### YOUR TASK
Every line of the material must be copied exactly.

### SOURCE DATA
(* For every $t>0$ and every fixed 2-dimensional linear subspace $L$, $$\mathrm{Cov}_V\bigl(\overline{\mathrm{cr}}(G_L),\mathrm{stress}(G,G_L)\bigr)\ge\frac{t^5}{16}\int_W I_W(v)\int_W w(v,v_1)\bigl(d_0(v,v_1)-d_L(v,v_1)\bigr)^2\,dv_1\,dv,$$ where $$I_W(v)=\int_{W^3}\mathbf 1\bigl([v,v_2]|_L\cap[v_3,v_4]|_L\neq\emptyset\bigr)\mathbf 1(\|v-v_2\|\le\delta_t)\mathbf 1(\|v_3-v_4\|\le\delta_t)\,dv_2dv_3dv_4.$$
   Context: Let $W\subset\mathbb{R}^d$ ($d\ge2$) be a compact convex set with $\mathrm{vol}_d(W)=1$; for $t>0$, $V$ is a Poisson point process of intensity $t$ on $W$ (draw $N\sim\mathrm{Poisson}(t)$, then $N$ i.i.d. uniform points in $W$); $\delta_t>0$. The graph $G$ has vertex set $V$ and a straight-segment edge between distinct $u,v\in V$ iff $\|u-v\|\le\delta_t$. For a 2-dimensional linear subspace $L$, $x|_L$ denotes orthogonal projection onto $L$, $[u,v]$ the segment from $u$ to $v$, and $V^k_{\neq}$ ordered $k$-tuples of pairwise distinct points of $V$. Define $$\overline{\mathrm{cr}}(G_L)=\tfrac18\sum_{(v_1,\dots,v_4)\in V^4_{\neq}}\mathbf 1\bigl([v_1,v_2]|_L\cap[v_3,v_4]|_L\neq\emptyset\bigr)\mathbf 1(\|v_1-v_2\|\le\delta_t)\mathbf 1(\|v_3-v_4\|\le\delta_t),$$ $$\mathrm{stress}(G,G_L)=\tfrac12\sum_{(v_1,v_2)\in V^2_{\neq}}w(v_1,v_2)\bigl(d_0(v_1,v_2)-d_L(v_1,v_2)\bigr)^2,$$ with $w:W\times W\to(0,\infty)$ measurable, $d_0(v_1,v_2)=\|v_1-v_2\|$, $d_L(v_1,v_2)=\|v_1|_L-v_2|_L\|$. Assume $\mathrm{stress}(G,G_L)$ has finite second moment. *)

theory Defs
  imports "HOL-Analysis.Analysis" "HOL-Probability.Probability"
begin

### WORKED SOLUTION
(* For every $t>0$ and every fixed 2-dimensional linear subspace $L$, $$\mathrm{Cov}_V\bigl(\overline{\mathrm{cr}}(G_L),\mathrm{stress}(G,G_L)\bigr)\ge\frac{t^5}{16}\int_W I_W(v)\int_W w(v,v_1)\bigl(d_0(v,v_1)-d_L(v,v_1)\bigr)^2\,dv_1\,dv,$$ where $$I_W(v)=\int_{W^3}\mathbf 1\bigl([v,v_2]|_L\cap[v_3,v_4]|_L\neq\emptyset\bigr)\mathbf 1(\|v-v_2\|\le\delta_t)\mathbf 1(\|v_3-v_4\|\le\delta_t)\,dv_2dv_3dv_4.$$
   Context: Let $W\subset\mathbb{R}^d$ ($d\ge2$) be a compact convex set with $\mathrm{vol}_d(W)=1$; for $t>0$, $V$ is a Poisson point process of intensity $t$ on $W$ (draw $N\sim\mathrm{Poisson}(t)$, then $N$ i.i.d. uniform points in $W$); $\delta_t>0$. The graph $G$ has vertex set $V$ and a straight-segment edge between distinct $u,v\in V$ iff $\|u-v\|\le\delta_t$. For a 2-dimensional linear subspace $L$, $x|_L$ denotes orthogonal projection onto $L$, $[u,v]$ the segment from $u$ to $v$, and $V^k_{\neq}$ ordered $k$-tuples of pairwise distinct points of $V$. Define $$\overline{\mathrm{cr}}(G_L)=\tfrac18\sum_{(v_1,\dots,v_4)\in V^4_{\neq}}\mathbf 1\bigl([v_1,v_2]|_L\cap[v_3,v_4]|_L\neq\emptyset\bigr)\mathbf 1(\|v_1-v_2\|\le\delta_t)\mathbf 1(\|v_3-v_4\|\le\delta_t),$$ $$\mathrm{stress}(G,G_L)=\tfrac12\sum_{(v_1,v_2)\in V^2_{\neq}}w(v_1,v_2)\bigl(d_0(v_1,v_2)-d_L(v_1,v_2)\bigr)^2,$$ with $w:W\times W\to(0,\infty)$ measurable, $d_0(v_1,v_2)=\|v_1-v_2\|$, $d_L(v_1,v_2)=\|v_1|_L-v_2|_L\|$. Assume $\mathrm{stress}(G,G_L)$ has finite second moment. *)

theory Defs
  imports "HOL-Analysis.Analysis" "HOL-Probability.Probability"
begin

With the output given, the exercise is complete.